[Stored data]
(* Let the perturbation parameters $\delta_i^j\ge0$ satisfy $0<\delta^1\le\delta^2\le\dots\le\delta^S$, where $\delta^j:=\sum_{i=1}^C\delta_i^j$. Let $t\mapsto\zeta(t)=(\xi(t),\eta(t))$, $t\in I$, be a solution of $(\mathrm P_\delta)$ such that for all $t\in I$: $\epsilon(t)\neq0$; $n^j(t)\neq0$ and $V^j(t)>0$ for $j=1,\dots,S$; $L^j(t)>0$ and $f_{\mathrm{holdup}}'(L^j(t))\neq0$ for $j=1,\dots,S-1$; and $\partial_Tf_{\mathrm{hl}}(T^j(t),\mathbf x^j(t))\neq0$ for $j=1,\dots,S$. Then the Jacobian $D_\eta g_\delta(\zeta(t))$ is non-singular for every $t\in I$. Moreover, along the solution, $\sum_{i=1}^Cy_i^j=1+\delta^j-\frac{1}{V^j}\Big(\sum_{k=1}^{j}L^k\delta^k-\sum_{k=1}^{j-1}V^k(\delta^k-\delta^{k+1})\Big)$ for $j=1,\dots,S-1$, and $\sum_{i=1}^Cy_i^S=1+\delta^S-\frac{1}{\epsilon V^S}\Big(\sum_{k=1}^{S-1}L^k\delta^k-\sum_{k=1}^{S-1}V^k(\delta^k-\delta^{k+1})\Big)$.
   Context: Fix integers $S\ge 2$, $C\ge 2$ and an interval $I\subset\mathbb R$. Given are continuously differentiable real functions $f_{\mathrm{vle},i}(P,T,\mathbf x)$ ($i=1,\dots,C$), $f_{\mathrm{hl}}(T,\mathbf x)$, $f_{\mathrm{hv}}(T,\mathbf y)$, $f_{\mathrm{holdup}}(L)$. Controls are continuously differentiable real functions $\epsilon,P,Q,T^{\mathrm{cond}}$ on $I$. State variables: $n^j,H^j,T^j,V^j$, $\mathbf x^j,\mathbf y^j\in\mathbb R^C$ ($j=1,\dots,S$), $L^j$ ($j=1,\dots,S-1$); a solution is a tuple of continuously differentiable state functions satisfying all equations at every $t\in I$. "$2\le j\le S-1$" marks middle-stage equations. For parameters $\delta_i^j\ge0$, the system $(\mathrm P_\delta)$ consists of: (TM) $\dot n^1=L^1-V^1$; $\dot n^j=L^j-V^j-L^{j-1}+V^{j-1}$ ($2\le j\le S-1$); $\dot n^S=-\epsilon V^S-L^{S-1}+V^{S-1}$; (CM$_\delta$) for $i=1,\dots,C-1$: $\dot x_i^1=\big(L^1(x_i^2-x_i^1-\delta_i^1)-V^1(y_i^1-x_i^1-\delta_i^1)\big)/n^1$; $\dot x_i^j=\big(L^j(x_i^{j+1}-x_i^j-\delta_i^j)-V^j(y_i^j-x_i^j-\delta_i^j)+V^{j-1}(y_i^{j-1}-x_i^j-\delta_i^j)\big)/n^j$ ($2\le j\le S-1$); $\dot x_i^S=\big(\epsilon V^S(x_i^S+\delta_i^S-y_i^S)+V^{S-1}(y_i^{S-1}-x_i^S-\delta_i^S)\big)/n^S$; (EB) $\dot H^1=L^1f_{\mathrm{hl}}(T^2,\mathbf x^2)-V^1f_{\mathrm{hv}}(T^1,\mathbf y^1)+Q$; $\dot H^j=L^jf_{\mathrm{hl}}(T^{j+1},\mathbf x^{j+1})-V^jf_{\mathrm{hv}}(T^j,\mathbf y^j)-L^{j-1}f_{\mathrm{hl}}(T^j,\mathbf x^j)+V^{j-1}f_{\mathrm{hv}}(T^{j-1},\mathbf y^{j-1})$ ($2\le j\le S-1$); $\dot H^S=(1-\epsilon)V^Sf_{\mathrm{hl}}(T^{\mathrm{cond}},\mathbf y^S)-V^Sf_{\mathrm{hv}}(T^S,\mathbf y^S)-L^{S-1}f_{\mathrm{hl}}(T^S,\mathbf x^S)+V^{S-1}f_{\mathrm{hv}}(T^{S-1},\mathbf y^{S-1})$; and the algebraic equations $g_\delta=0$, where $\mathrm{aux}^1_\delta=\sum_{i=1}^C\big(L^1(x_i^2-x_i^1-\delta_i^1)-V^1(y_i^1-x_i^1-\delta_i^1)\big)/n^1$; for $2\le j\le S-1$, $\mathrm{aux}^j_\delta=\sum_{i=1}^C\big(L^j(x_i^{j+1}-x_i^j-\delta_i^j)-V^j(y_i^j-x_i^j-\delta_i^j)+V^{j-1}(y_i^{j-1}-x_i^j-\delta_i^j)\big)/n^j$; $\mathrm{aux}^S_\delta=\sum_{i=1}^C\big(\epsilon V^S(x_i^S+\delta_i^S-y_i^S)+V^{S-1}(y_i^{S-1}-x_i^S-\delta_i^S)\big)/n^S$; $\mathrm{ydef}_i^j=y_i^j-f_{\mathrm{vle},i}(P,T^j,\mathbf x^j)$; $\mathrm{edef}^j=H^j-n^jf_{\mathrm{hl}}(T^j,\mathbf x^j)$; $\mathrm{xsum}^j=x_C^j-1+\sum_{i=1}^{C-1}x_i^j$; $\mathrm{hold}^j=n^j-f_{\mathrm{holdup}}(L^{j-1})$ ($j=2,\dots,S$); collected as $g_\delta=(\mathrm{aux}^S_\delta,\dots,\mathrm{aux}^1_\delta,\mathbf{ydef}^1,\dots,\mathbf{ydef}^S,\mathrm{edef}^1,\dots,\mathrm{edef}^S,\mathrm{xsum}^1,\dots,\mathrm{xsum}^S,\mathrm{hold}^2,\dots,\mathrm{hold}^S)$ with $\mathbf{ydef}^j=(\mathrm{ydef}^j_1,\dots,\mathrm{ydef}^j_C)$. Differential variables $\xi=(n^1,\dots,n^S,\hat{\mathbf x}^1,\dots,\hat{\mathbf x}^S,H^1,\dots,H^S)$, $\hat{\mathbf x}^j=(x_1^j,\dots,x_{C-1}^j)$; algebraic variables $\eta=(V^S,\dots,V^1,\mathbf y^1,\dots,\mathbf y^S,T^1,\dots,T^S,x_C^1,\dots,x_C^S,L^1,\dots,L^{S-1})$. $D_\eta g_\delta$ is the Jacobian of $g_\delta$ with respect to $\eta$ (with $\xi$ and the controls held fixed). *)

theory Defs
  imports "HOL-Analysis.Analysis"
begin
==
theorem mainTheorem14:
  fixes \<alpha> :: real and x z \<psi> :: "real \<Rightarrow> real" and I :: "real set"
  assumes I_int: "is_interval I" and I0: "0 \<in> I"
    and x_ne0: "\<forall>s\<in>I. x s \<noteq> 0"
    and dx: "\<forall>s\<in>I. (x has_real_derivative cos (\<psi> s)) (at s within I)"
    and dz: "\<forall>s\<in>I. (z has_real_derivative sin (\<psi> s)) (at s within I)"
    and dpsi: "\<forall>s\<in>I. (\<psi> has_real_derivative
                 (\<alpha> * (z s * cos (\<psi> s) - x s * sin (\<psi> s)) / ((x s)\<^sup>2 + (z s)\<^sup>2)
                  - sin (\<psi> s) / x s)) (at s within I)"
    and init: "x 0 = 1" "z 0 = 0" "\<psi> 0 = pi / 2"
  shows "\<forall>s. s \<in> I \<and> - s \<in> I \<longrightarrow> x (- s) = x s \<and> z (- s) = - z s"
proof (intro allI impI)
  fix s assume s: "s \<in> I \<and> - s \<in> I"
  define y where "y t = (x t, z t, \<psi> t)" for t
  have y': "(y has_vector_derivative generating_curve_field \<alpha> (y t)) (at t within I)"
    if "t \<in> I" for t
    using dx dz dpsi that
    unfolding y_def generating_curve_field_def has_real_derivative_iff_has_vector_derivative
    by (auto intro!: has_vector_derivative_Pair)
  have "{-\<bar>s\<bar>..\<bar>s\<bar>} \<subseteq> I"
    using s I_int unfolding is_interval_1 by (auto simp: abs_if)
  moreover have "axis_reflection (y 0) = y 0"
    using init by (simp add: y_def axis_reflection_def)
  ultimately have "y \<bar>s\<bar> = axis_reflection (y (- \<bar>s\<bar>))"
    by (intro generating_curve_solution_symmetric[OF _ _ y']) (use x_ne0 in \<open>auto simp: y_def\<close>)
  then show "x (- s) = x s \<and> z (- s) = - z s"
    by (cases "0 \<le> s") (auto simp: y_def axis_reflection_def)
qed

**Instructions for the task:** For the string "within", filter the data and copy out each line where it occurs.

**Solution to this problem:**
    and dx: "\<forall>s\<in>I. (x has_real_derivative cos (\<psi> s)) (at s within I)"
    and dz: "\<forall>s\<in>I. (z has_real_derivative sin (\<psi> s)) (at s within I)"
                  - sin (\<psi> s) / x s)) (at s within I)"
  have y': "(y has_vector_derivative generating_curve_field \<alpha> (y t)) (at t within I)"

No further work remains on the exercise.